Task brief – Keeping every character intact, repeat the whole listing.

◆ ◆ ◆

subsection \<open>The induced map on relative homology\<close>

lemma cap_rel_cycle:
  assumes K: "simplicial_complex K" and F: "full_subcomplex L K" and p: "0 < p" "even p"
    and T: "rel_cochain K (Wcomplex K L) p T" "cocycle K p T" and Ks: "subcomplex Ks K"
    and R: "good_ordering K L R" and c: "rel_cycle K Ks (p + q) c"
  shows "rel_cycle L (Ks \<inter> L) q (cap K p R T c)"
proof -
  have Ks': "simplicial_complex Ks" "Ks \<subseteq> K" using Ks unfolding subcomplex_def by auto
  have LK: "L \<subseteq> K" using full_subcomplex_subset[OF F] .
  have c1: "chain K (p + q) c" and c2: "chain Ks (p + q - 1) (bd K c)"
    using c unfolding rel_cycle_def by auto
  have chain: "chain L q (cap K p R T c)"
    using cap_chain[OF K F R T(1) K order_refl c1] LK by (simp add: Int_absorb1)
  then have "bd L (cap K p R T c) = cap K p R T (bd K c)"
    using bd_subcomplex[OF finite_complex[OF K] LK] cap_chain_map[OF K good_ordering_ordering[OF R] T(2) p(2)]
    unfolding chain_def by auto
  moreover have "chain (Ks \<inter> L) (q - 1) (cap K p R T (bd K c))"
    using cap_chain[OF K F R T(1) Ks' c2] p(1) by (simp add: diff_diff_left)
  ultimately show ?thesis using chain unfolding rel_cycle_def by simp
qed

lemma cap_rel_boundary:
  assumes K: "simplicial_complex K" and F: "full_subcomplex L K" and p: "even p"
    and T: "rel_cochain K (Wcomplex K L) p T" "cocycle K p T" and Ks: "subcomplex Ks K"
    and R: "good_ordering K L R" and c: "rel_boundary K Ks (p + q) c"
  shows "rel_boundary L (Ks \<inter> L) q (cap K p R T c)"
proof -
  have Ks': "simplicial_complex Ks" "Ks \<subseteq> K" using Ks unfolding subcomplex_def by auto
  have LK: "L \<subseteq> K" using full_subcomplex_subset[OF F] .
  obtain d e where d: "chain K (Suc (p + q)) d" and e: "chain Ks (p + q) e"
    and c_eq: "c = (\<lambda>\<tau>. bd K d \<tau> + e \<tau>)"
    using c unfolding rel_boundary_def by blast
  have d': "chain L (Suc q) (cap K p R T d)"
    using cap_chain[OF K F R T(1) K order_refl d] LK by (simp add: Int_absorb1 Suc_diff_le)
  have "cap K p R T c = (\<lambda>\<tau>. cap K p R T (bd K d) \<tau> + cap K p R T e \<tau>)"
    unfolding c_eq cap_linext by (simp add: fun_eq_iff linext_add_chain)
  also have "cap K p R T (bd K d) = bd L (cap K p R T d)"
    using bd_subcomplex[OF finite_complex[OF K] LK] cap_chain_map[OF K good_ordering_ordering[OF R] T(2) p]
      d' unfolding chain_def by auto
  finally show ?thesis
    using d' cap_chain[OF K F R T(1) Ks' e] unfolding rel_boundary_def by auto
qed

lemma cap_ordering_independent:
  assumes K: "simplicial_complex K" and F: "full_subcomplex L K" and p: "0 < p" "even p"
    and T: "rel_cochain K (Wcomplex K L) p T" "cocycle K p T" and Ks: "subcomplex Ks K"
    and R: "good_ordering K L R1" "good_ordering K L R2" and c: "rel_cycle K Ks (p + q) c"
  shows "rel_boundary L (Ks \<inter> L) q (\<lambda>\<tau>. cap K p R1 T c \<tau> - cap K p R2 T c \<tau>)"
proof -
  interpret two_good_orderings K L p T R1 R2
    using assms by unfold_locales
  have Ks': "simplicial_complex Ks" "Ks \<subseteq> K" using Ks unfolding subcomplex_def by auto
  have LK: "L \<subseteq> K" using full_subcomplex_subset[OF F] .
  have c1: "chain K (p + q) c" and c2: "chain Ks (p + q - 1) (bd K c)"
    using c unfolding rel_cycle_def by auto
  have d: "chain L (Suc q) (linext K D c)"
    using D_chain[OF K order_refl c1] LK by (simp add: Int_absorb1 Suc_diff_le)
  moreover have "chain (Ks \<inter> L) q (linext K D (bd K c))"
    using D_chain[OF Ks' c2] p(1) by simp
  moreover have "bd L (linext K D c) = bd K (linext K D c)"
    using bd_subcomplex[OF finite_complex[OF K] LK] d unfolding chain_def by auto
  ultimately show ?thesis
    unfolding rel_boundary_def cap_linext chain_homotopy
    by (intro exI[of _ "linext K D c"] exI[of _ "linext K D (bd K c)"]) simp
qed

theorem propositionB2:
  fixes K L Ks :: "'v::linorder set set" and T :: "'v set \<Rightarrow> rat" and p :: nat
  assumes "simplicial_complex K"
    and "full_subcomplex L K"
    and "p > 0" and "even p"
    and "rel_cochain K (Wcomplex K L) p T" and "cocycle K p T"
    and "subcomplex Ks K"
  shows "(\<forall>R q c. good_ordering K L R \<and> rel_cycle K Ks (p + q) c \<longrightarrow>
             rel_cycle L (Ks \<inter> L) q (cap K p R T c))
       \<and> (\<forall>R q c. good_ordering K L R \<and> rel_boundary K Ks (p + q) c \<longrightarrow>
             rel_boundary L (Ks \<inter> L) q (cap K p R T c))
       \<and> (\<forall>R1 R2 q c. good_ordering K L R1 \<and> good_ordering K L R2 \<and> rel_cycle K Ks (p + q) c \<longrightarrow>
             rel_boundary L (Ks \<inter> L) q (\<lambda>\<tau>. cap K p R1 T c \<tau> - cap K p R2 T c \<tau>))"
  using cap_rel_cycle[OF assms(1-7)] cap_rel_boundary[OF assms(1,2,4-7)]
    cap_ordering_independent[OF assms(1-7)]
  by blast

end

◆ ◆ ◆

Task response –
subsection \<open>The induced map on relative homology\<close>

lemma cap_rel_cycle:
  assumes K: "simplicial_complex K" and F: "full_subcomplex L K" and p: "0 < p" "even p"
    and T: "rel_cochain K (Wcomplex K L) p T" "cocycle K p T" and Ks: "subcomplex Ks K"
    and R: "good_ordering K L R" and c: "rel_cycle K Ks (p + q) c"
  shows "rel_cycle L (Ks \<inter> L) q (cap K p R T c)"
proof -
  have Ks': "simplicial_complex Ks" "Ks \<subseteq> K" using Ks unfolding subcomplex_def by auto
  have LK: "L \<subseteq> K" using full_subcomplex_subset[OF F] .
  have c1: "chain K (p + q) c" and c2: "chain Ks (p + q - 1) (bd K c)"
    using c unfolding rel_cycle_def by auto
  have chain: "chain L q (cap K p R T c)"
    using cap_chain[OF K F R T(1) K order_refl c1] LK by (simp add: Int_absorb1)
  then have "bd L (cap K p R T c) = cap K p R T (bd K c)"
    using bd_subcomplex[OF finite_complex[OF K] LK] cap_chain_map[OF K good_ordering_ordering[OF R] T(2) p(2)]
    unfolding chain_def by auto
  moreover have "chain (Ks \<inter> L) (q - 1) (cap K p R T (bd K c))"
    using cap_chain[OF K F R T(1) Ks' c2] p(1) by (simp add: diff_diff_left)
  ultimately show ?thesis using chain unfolding rel_cycle_def by simp
qed

lemma cap_rel_boundary:
  assumes K: "simplicial_complex K" and F: "full_subcomplex L K" and p: "even p"
    and T: "rel_cochain K (Wcomplex K L) p T" "cocycle K p T" and Ks: "subcomplex Ks K"
    and R: "good_ordering K L R" and c: "rel_boundary K Ks (p + q) c"
  shows "rel_boundary L (Ks \<inter> L) q (cap K p R T c)"
proof -
  have Ks': "simplicial_complex Ks" "Ks \<subseteq> K" using Ks unfolding subcomplex_def by auto
  have LK: "L \<subseteq> K" using full_subcomplex_subset[OF F] .
  obtain d e where d: "chain K (Suc (p + q)) d" and e: "chain Ks (p + q) e"
    and c_eq: "c = (\<lambda>\<tau>. bd K d \<tau> + e \<tau>)"
    using c unfolding rel_boundary_def by blast
  have d': "chain L (Suc q) (cap K p R T d)"
    using cap_chain[OF K F R T(1) K order_refl d] LK by (simp add: Int_absorb1 Suc_diff_le)
  have "cap K p R T c = (\<lambda>\<tau>. cap K p R T (bd K d) \<tau> + cap K p R T e \<tau>)"
    unfolding c_eq cap_linext by (simp add: fun_eq_iff linext_add_chain)
  also have "cap K p R T (bd K d) = bd L (cap K p R T d)"
    using bd_subcomplex[OF finite_complex[OF K] LK] cap_chain_map[OF K good_ordering_ordering[OF R] T(2) p]
      d' unfolding chain_def by auto
  finally show ?thesis
    using d' cap_chain[OF K F R T(1) Ks' e] unfolding rel_boundary_def by auto
qed

lemma cap_ordering_independent:
  assumes K: "simplicial_complex K" and F: "full_subcomplex L K" and p: "0 < p" "even p"
    and T: "rel_cochain K (Wcomplex K L) p T" "cocycle K p T" and Ks: "subcomplex Ks K"
    and R: "good_ordering K L R1" "good_ordering K L R2" and c: "rel_cycle K Ks (p + q) c"
  shows "rel_boundary L (Ks \<inter> L) q (\<lambda>\<tau>. cap K p R1 T c \<tau> - cap K p R2 T c \<tau>)"
proof -
  interpret two_good_orderings K L p T R1 R2
    using assms by unfold_locales
  have Ks': "simplicial_complex Ks" "Ks \<subseteq> K" using Ks unfolding subcomplex_def by auto
  have LK: "L \<subseteq> K" using full_subcomplex_subset[OF F] .
  have c1: "chain K (p + q) c" and c2: "chain Ks (p + q - 1) (bd K c)"
    using c unfolding rel_cycle_def by auto
  have d: "chain L (Suc q) (linext K D c)"
    using D_chain[OF K order_refl c1] LK by (simp add: Int_absorb1 Suc_diff_le)
  moreover have "chain (Ks \<inter> L) q (linext K D (bd K c))"
    using D_chain[OF Ks' c2] p(1) by simp
  moreover have "bd L (linext K D c) = bd K (linext K D c)"
    using bd_subcomplex[OF finite_complex[OF K] LK] d unfolding chain_def by auto
  ultimately show ?thesis
    unfolding rel_boundary_def cap_linext chain_homotopy
    by (intro exI[of _ "linext K D c"] exI[of _ "linext K D (bd K c)"]) simp
qed

theorem propositionB2:
  fixes K L Ks :: "'v::linorder set set" and T :: "'v set \<Rightarrow> rat" and p :: nat
  assumes "simplicial_complex K"
    and "full_subcomplex L K"
    and "p > 0" and "even p"
    and "rel_cochain K (Wcomplex K L) p T" and "cocycle K p T"
    and "subcomplex Ks K"
  shows "(\<forall>R q c. good_ordering K L R \<and> rel_cycle K Ks (p + q) c \<longrightarrow>
             rel_cycle L (Ks \<inter> L) q (cap K p R T c))
       \<and> (\<forall>R q c. good_ordering K L R \<and> rel_boundary K Ks (p + q) c \<longrightarrow>
             rel_boundary L (Ks \<inter> L) q (cap K p R T c))
       \<and> (\<forall>R1 R2 q c. good_ordering K L R1 \<and> good_ordering K L R2 \<and> rel_cycle K Ks (p + q) c \<longrightarrow>
             rel_boundary L (Ks \<inter> L) q (\<lambda>\<tau>. cap K p R1 T c \<tau> - cap K p R2 T c \<tau>))"
  using cap_rel_cycle[OF assms(1-7)] cap_rel_boundary[OF assms(1,2,4-7)]
    cap_ordering_independent[OF assms(1-7)]
  by blast

end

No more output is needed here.